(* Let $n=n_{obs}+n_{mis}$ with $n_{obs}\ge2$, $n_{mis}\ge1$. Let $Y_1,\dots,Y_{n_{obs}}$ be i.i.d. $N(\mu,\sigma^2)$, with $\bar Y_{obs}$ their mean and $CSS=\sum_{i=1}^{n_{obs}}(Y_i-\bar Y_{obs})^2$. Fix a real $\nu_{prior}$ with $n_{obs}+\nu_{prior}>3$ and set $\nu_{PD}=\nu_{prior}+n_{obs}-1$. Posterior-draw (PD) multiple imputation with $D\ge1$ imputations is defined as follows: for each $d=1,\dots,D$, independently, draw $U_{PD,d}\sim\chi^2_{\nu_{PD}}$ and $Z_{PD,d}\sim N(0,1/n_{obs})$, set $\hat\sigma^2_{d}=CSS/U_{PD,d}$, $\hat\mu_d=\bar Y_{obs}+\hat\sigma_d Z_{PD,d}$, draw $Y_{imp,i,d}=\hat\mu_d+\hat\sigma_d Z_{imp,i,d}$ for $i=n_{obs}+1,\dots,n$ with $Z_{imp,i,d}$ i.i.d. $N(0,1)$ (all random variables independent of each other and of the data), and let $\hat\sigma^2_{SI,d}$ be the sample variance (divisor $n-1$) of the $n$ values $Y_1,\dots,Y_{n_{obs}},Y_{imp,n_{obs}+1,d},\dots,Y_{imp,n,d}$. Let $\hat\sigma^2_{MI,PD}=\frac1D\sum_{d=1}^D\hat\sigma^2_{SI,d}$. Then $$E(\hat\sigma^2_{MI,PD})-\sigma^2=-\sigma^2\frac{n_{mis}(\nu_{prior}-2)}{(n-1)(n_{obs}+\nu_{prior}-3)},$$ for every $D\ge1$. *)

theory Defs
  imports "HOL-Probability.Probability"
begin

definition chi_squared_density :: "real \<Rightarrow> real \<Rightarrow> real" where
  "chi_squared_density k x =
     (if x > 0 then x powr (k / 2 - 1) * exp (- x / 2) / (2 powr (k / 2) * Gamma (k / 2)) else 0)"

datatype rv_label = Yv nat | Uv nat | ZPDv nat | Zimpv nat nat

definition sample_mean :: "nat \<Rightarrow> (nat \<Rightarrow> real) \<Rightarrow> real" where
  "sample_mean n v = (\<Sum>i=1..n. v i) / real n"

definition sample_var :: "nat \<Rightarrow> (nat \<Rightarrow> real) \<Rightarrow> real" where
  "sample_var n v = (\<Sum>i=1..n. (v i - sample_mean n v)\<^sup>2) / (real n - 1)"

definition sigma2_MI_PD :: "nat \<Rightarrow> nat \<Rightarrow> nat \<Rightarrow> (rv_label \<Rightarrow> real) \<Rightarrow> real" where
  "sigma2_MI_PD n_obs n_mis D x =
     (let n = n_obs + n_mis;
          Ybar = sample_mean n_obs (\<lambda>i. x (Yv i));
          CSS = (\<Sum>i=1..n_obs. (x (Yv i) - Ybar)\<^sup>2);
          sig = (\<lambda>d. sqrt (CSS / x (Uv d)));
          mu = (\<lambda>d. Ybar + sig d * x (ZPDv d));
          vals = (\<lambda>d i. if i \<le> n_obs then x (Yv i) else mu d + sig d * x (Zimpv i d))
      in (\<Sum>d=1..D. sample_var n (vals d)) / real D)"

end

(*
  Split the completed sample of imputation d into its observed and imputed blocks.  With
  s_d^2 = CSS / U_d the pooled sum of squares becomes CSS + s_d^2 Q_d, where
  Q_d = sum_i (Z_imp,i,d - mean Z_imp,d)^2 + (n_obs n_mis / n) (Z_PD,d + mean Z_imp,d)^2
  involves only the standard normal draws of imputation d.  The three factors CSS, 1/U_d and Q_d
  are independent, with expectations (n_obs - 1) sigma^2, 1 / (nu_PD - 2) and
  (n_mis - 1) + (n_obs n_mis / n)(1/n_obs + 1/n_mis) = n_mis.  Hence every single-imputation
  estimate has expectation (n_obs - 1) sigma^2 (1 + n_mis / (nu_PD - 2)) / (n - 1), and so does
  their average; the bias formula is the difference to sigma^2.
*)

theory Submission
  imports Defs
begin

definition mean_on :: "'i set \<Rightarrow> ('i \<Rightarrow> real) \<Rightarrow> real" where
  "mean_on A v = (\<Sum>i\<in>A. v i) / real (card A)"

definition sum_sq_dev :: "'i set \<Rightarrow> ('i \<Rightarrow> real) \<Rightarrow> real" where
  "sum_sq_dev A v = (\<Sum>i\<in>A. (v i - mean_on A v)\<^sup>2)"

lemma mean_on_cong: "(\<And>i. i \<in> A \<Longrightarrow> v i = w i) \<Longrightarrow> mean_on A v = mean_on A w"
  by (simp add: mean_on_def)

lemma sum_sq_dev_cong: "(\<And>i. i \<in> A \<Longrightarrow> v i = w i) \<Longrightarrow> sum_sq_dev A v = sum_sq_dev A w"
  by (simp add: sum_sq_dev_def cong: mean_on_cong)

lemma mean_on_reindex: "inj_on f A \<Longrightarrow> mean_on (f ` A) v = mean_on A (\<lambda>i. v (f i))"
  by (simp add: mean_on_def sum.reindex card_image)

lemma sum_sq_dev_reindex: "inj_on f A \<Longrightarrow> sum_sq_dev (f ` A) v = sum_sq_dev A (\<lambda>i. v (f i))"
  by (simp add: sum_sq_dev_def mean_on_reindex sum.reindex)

* * *

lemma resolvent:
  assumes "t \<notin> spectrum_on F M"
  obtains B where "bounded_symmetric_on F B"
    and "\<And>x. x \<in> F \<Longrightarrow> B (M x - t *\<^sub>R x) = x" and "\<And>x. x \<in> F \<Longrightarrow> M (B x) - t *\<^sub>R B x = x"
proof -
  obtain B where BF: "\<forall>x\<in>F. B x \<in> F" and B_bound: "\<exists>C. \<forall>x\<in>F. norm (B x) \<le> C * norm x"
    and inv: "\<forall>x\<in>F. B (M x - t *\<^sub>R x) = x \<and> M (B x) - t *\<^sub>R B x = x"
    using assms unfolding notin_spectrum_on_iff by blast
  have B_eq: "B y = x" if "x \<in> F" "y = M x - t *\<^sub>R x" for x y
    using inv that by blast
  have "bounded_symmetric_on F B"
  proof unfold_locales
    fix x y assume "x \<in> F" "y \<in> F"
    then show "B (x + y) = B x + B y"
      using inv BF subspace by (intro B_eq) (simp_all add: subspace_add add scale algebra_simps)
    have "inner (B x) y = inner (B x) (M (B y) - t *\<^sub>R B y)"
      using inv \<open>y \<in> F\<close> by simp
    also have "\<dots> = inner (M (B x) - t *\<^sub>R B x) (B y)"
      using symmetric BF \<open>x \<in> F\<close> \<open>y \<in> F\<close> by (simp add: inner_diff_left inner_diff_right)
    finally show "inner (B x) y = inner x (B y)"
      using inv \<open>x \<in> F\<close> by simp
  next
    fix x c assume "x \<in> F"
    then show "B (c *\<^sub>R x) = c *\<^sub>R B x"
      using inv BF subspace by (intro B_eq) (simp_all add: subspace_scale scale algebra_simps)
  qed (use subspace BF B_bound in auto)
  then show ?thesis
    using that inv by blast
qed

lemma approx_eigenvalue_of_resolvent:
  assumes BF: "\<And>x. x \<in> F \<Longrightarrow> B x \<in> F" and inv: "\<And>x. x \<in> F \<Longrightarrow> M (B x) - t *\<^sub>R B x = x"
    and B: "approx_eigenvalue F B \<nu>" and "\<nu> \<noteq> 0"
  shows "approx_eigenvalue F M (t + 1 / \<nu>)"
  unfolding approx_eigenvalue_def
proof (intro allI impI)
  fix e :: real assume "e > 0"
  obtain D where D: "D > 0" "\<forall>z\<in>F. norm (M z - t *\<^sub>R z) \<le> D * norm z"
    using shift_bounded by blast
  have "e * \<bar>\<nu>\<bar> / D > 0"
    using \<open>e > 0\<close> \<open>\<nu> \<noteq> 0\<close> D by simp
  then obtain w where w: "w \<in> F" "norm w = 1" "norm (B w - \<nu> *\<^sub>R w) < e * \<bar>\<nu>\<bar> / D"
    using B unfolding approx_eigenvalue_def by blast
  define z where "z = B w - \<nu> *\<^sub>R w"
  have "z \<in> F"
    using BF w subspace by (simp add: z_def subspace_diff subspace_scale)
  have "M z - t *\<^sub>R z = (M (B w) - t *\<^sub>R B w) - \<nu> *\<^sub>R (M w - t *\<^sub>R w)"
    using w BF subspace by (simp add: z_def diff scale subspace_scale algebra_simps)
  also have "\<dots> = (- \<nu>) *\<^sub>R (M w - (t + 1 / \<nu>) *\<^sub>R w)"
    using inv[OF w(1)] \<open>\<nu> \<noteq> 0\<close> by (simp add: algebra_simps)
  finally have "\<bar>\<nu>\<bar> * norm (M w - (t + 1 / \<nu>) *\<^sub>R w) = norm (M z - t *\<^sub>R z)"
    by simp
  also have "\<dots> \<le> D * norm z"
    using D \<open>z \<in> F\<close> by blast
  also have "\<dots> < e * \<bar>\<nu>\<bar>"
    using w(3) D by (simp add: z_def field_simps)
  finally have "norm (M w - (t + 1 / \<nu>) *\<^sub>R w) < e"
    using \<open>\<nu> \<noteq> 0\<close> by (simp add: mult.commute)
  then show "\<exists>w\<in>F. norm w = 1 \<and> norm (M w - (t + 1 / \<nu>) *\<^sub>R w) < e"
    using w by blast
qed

---

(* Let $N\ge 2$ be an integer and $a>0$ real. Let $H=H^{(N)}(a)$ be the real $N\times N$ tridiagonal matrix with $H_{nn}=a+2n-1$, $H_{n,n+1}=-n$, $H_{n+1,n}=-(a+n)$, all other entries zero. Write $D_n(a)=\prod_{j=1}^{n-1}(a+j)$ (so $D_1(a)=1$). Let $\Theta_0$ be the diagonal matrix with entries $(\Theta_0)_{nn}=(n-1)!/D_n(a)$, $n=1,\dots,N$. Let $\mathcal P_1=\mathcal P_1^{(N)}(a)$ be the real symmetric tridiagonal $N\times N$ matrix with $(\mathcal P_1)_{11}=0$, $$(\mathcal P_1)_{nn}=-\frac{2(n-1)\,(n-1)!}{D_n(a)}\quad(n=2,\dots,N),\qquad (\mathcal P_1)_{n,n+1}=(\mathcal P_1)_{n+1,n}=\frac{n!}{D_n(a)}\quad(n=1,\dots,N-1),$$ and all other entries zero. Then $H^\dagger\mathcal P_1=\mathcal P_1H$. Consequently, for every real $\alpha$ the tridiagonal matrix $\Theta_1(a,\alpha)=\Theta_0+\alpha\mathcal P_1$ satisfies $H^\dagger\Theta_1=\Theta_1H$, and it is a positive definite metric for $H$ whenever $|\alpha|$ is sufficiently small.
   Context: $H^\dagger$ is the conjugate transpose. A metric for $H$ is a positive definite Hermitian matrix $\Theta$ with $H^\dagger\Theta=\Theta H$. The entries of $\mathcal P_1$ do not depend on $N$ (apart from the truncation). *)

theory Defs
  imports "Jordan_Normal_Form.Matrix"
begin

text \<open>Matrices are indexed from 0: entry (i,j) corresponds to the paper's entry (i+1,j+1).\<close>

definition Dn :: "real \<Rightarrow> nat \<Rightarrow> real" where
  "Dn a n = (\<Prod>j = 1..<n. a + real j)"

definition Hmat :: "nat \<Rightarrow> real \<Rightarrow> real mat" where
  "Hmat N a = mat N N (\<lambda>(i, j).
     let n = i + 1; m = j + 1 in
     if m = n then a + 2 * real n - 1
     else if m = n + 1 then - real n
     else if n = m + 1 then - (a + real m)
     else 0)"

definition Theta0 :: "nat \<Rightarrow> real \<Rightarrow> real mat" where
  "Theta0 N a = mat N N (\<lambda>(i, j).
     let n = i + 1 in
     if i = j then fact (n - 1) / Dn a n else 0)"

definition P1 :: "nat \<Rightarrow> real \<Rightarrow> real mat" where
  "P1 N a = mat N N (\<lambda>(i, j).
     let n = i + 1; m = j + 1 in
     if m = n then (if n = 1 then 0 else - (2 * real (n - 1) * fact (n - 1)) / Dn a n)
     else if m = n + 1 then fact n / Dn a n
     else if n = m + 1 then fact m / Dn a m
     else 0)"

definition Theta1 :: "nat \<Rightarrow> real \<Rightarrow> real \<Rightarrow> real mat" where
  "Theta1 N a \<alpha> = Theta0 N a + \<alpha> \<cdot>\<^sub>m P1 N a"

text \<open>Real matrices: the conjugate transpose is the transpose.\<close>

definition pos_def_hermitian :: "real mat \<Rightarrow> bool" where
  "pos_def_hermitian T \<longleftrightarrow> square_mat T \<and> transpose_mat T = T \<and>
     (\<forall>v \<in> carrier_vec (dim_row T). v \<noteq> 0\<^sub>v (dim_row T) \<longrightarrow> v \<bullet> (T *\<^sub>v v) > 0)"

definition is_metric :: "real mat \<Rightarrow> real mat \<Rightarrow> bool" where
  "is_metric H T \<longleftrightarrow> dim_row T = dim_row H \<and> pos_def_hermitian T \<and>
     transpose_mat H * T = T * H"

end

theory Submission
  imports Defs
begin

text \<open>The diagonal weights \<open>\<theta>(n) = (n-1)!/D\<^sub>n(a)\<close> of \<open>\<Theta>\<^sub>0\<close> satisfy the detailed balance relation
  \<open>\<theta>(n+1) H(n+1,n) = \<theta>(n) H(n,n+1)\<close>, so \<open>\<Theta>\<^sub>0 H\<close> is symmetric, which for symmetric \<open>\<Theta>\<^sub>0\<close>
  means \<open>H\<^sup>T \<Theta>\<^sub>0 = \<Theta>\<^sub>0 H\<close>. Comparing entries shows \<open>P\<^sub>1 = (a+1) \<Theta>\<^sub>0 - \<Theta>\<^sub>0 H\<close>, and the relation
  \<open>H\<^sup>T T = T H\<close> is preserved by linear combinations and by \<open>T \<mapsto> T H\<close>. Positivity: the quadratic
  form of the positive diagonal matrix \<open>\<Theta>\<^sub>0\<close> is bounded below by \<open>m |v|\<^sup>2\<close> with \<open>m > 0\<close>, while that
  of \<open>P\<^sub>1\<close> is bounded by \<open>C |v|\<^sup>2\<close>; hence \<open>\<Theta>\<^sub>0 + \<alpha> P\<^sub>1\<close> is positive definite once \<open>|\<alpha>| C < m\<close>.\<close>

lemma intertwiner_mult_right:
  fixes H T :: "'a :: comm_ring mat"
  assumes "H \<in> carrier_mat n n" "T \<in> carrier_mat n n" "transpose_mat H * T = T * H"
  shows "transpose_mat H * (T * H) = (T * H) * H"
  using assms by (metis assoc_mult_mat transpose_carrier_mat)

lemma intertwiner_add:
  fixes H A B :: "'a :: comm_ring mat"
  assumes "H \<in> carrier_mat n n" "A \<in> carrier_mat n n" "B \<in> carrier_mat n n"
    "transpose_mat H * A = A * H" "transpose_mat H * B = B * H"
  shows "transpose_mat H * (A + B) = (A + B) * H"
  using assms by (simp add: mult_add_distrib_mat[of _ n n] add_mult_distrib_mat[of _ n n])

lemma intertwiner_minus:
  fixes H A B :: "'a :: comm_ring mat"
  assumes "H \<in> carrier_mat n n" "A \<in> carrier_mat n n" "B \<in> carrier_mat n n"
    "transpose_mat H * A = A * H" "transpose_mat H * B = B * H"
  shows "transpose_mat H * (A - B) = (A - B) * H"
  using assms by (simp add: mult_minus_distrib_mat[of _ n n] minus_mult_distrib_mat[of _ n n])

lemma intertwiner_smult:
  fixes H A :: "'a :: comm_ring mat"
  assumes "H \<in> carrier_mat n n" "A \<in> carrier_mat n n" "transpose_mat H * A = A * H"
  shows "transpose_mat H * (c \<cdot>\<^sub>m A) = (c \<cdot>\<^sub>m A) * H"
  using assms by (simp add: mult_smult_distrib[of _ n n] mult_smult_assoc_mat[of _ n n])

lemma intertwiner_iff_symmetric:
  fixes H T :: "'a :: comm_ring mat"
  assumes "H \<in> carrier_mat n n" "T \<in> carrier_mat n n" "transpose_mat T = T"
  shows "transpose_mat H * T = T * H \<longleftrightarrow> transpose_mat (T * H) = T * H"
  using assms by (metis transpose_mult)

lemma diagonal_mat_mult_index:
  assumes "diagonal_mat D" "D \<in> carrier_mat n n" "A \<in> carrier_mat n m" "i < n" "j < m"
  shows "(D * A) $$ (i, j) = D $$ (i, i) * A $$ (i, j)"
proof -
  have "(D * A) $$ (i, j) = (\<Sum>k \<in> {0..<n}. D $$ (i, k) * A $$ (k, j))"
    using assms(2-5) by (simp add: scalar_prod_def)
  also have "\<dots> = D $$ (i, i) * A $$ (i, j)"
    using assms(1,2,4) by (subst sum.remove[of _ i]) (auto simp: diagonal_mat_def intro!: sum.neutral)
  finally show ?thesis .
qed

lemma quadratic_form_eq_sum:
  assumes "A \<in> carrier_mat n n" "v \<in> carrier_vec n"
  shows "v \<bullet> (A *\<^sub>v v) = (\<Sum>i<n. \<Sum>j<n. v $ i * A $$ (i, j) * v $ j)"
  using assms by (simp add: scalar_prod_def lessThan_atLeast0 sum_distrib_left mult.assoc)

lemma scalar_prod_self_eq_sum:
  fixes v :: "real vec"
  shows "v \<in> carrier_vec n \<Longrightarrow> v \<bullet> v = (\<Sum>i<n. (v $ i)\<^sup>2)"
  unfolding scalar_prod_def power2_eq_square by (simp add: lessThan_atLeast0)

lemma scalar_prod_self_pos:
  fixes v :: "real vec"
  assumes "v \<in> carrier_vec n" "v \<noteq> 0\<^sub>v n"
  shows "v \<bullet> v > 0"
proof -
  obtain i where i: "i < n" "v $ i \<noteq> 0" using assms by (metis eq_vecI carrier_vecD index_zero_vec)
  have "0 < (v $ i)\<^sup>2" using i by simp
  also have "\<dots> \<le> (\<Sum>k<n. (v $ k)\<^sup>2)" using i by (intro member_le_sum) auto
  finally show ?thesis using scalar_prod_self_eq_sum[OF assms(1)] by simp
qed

■ WHAT IS NEEDED:
Please say how many lines in the records above contain the word "blast". Give the number alone.

■ WRITTEN ANSWER:
7